The newly scientifically developed nucleotides, X and Y, show huge potential in medically related fields. The deoxy 5SICS and deoxy NaM nucleotides are unstable by nature and have strict guidelines for the conditions they are able to be present under, making them a safe tool to be used in combating the on-going war between humans versus the universal genetic code. The article, A semi-synthetic organism with an expanded genetic alphabet, relates Bio 293 course material such as the transport system of cells and gene expression to the real world application of fighting antibiotic resistance.
References:
Aryal, S. (2018). Central Dogma- Replication, Transcription, Translation. Microbe Notes, https://microbenotes.com/central-dogma-replication-transcription-translation/.
Hirao, I. and Kimoto, M. (2012). Unnatural base pair systems toward the expansion of the genetic alphabet in the central dogma. Proceedings of the Japan Academy Series B Physical and biological sciences, 88, 345–367.

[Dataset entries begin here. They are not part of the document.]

text \<open>Partial sums pass through the ReLU as their positive and negative parts; the knots stored in
  layer \<open>g\<close> are those of the \<open>W\<close> pieces that layer \<open>g + 1\<close> adds to them.\<close>

definition acc_layer :: "nat \<Rightarrow> real \<Rightarrow> nat \<Rightarrow> real" where
  "acc_layer g x i =
    (if i = 0 then relu x
     else if i = 1 then relu (zigzag M (g * W) x)
     else if i = 2 then relu (- zigzag M (g * W) x)
     else if i < 3 + W then relu (staircase M (g * W) (code_step_jump (i - 3)) x)
     else if i < 3 + 2 * W then relu (- staircase M (g * W) (code_step_jump (i - 3 - W)) x)
     else if i < 3 + 3 * W then relu (x - real ((g * W + (i - 3 - 2 * W)) * M))
     else if i < 3 + 4 * W then relu (x - (real ((g * W + (i - 3 - 3 * W) + 1) * M) - 1))
     else if i < 3 + 5 * W then relu (x - real ((g * W + (i - 3 - 4 * W) + 1) * M))
     else 0)"

lemma acc_layer_cases:
  assumes "i < acc_width"
  obtains "i = 0" | "i = Suc 0" | "i = 2" | k where "k < W" "i = 3 + k" | k where "k < W" "i = 3 + W + k"
    | k where "k < W" "i = 3 + 2 * W + k" | k where "k < W" "i = 3 + 3 * W + k"
    | k where "k < W" "i = 3 + 4 * W + k"
proof -
  consider "i < 3" | "3 \<le> i" "i < 3 + W" | "3 + W \<le> i" "i < 3 + W + W" | "3 + 2 * W \<le> i" "i < 3 + 2 * W + W"
    | "3 + 3 * W \<le> i" "i < 3 + 3 * W + W" | "3 + 4 * W \<le> i" "i < 3 + 4 * W + W"
    using assms by linarith
  then show ?thesis
  proof cases
    case 1
    then have "i = 0 \<or> i = Suc 0 \<or> i = 2" by auto
    then show ?thesis using that(1-3) by blast
  next
    case 2 then show ?thesis by (rule interval_offsetE[OF _ _ that(4)])
  next
    case 3 then show ?thesis by (rule interval_offsetE[OF _ _ that(5)])
  next
    case 4 then show ?thesis by (rule interval_offsetE[OF _ _ that(6)])
  next
    case 5 then show ?thesis by (rule interval_offsetE[OF _ _ that(7)])
  next
    case 6 then show ?thesis by (rule interval_offsetE[OF _ _ that(8)])
  qed
qed
(* Let $n$ be a positive integer. If $n \equiv 1 \pmod 3$, then $n \leq \operatorname{adim}(P_3 \square P_n) \leq n+1$. Otherwise, $n-1 \leq \operatorname{adim}(P_3 \square P_n) \leq n$.
   Context: All graphs are finite, simple and undirected. $P_n$ is the path on $n$ vertices and $\square$ is the Cartesian product of graphs: $V(G_1\square G_2)=V(G_1)\times V(G_2)$, and $(u,u')$ is adjacent to $(v,v')$ iff either $u=v$ and $u'v'\in E(G_2)$, or $u'=v'$ and $uv\in E(G_1)$. For a graph $G$, $d(u,v)$ is the shortest-path distance ($\infty$ if $u,v$ lie in different components), and $d_1(u,v)=\min(d(u,v),2)$. A set $A\subseteq V(G)$ is an adjacency resolving set if for all distinct $x,y\in V(G)$ there is $z\in A$ with $d_1(z,x)\neq d_1(z,y)$. The adjacency dimension $\operatorname{adim}(G)$ is the minimum cardinality of an adjacency resolving set. *)

theory Defs
  imports Main "HOL-Library.Extended_Nat"
begin

text \<open>A finite simple graph is given by a vertex set V and a symmetric irreflexive
adjacency relation E (only pairs in V are relevant).\<close>

definition path_graph :: "nat \<Rightarrow> nat set" where
  "path_graph n = {0..<n}"

definition path_adj :: "nat \<Rightarrow> nat \<Rightarrow> bool" where
  "path_adj u v \<longleftrightarrow> u = v + 1 \<or> v = u + 1"

definition cart_adj :: "('a \<Rightarrow> 'a \<Rightarrow> bool) \<Rightarrow> ('b \<Rightarrow> 'b \<Rightarrow> bool) \<Rightarrow> ('a \<times> 'b) \<Rightarrow> ('a \<times> 'b) \<Rightarrow> bool" where
  "cart_adj E1 E2 x y \<longleftrightarrow>
     (fst x = fst y \<and> E2 (snd x) (snd y)) \<or> (snd x = snd y \<and> E1 (fst x) (fst y))"

definition is_walk :: "'a set \<Rightarrow> ('a \<Rightarrow> 'a \<Rightarrow> bool) \<Rightarrow> 'a list \<Rightarrow> bool" where
  "is_walk V E ps \<longleftrightarrow> ps \<noteq> [] \<and> set ps \<subseteq> V \<and> (\<forall>i < length ps - 1. E (ps ! i) (ps ! Suc i))"

definition dist :: "'a set \<Rightarrow> ('a \<Rightarrow> 'a \<Rightarrow> bool) \<Rightarrow> 'a \<Rightarrow> 'a \<Rightarrow> enat" where
  "dist V E u v = (if \<exists>ps. is_walk V E ps \<and> hd ps = u \<and> last ps = v
     then enat (LEAST k. \<exists>ps. is_walk V E ps \<and> hd ps = u \<and> last ps = v \<and> length ps = Suc k)
     else \<infinity>)"

definition dist1 :: "'a set \<Rightarrow> ('a \<Rightarrow> 'a \<Rightarrow> bool) \<Rightarrow> 'a \<Rightarrow> 'a \<Rightarrow> enat" where
  "dist1 V E u v = min (dist V E u v) 2"

definition adj_resolving :: "'a set \<Rightarrow> ('a \<Rightarrow> 'a \<Rightarrow> bool) \<Rightarrow> 'a set \<Rightarrow> bool" where
  "adj_resolving V E A \<longleftrightarrow> A \<subseteq> V \<and>
     (\<forall>x\<in>V. \<forall>y\<in>V. x \<noteq> y \<longrightarrow> (\<exists>z\<in>A. dist1 V E z x \<noteq> dist1 V E z y))"

definition adim :: "'a set \<Rightarrow> ('a \<Rightarrow> 'a \<Rightarrow> bool) \<Rightarrow> nat" where
  "adim V E = (LEAST k. \<exists>A. adj_resolving V E A \<and> card A = k)"

definition grid_V :: "nat \<Rightarrow> (nat \<times> nat) set" where
  "grid_V n = path_graph 3 \<times> path_graph n"

definition grid_E :: "(nat \<times> nat) \<Rightarrow> (nat \<times> nat) \<Rightarrow> bool" where
  "grid_E = cart_adj path_adj path_adj"

end

theory Submission
  imports Defs
begin

(* A set A is adjacency resolving iff the vertices outside A have pairwise distinct traces, their
   sets of neighbours in A.
   Upper bound: putting A in rows {0, 2} of every third column and in row 1 of the next column
   gives pairwise distinct traces; this uses n vertices, or n + 1 when n mod 3 = 1.
   Lower bound by discharging: every vertex outside A with nonempty trace sends charge 2 to its
   neighbours in A, and the resolving property forces every vertex of A to receive at most 4.
   Since at most one trace is empty, 2 (3n - |A| - 1) <= 4 |A|, hence |A| >= n. *)

section \<open>Distances and adjacency resolving sets\<close>

lemma hd_eq_last_if_length_1: "length ps = 1 \<Longrightarrow> hd ps = last ps"
  by (cases ps) auto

Walsh, E. (2019). What Is the Complementary Base Pairing Rule? Sciencing, https://sciencing.com/complementary-base-pairing-rule-8728565.html.
Diwo, C. and Budisa, N. (2018). Alternative Biochemistries for Alien Life: Basic Concepts and Requirements for the Design of a Robust Biocontainment System in Genetic Isolation. Genes, 10, 1-16.
Malyshev, D.A., Dhami, K., Lavergne, T., Chen, T., Dai, N., Foster, J.M., Corrêa, I.R., and Romesberg, F.E. (2014). A semi-synthetic organism with an expanded genetic alphabet. Nature 509, 385-388.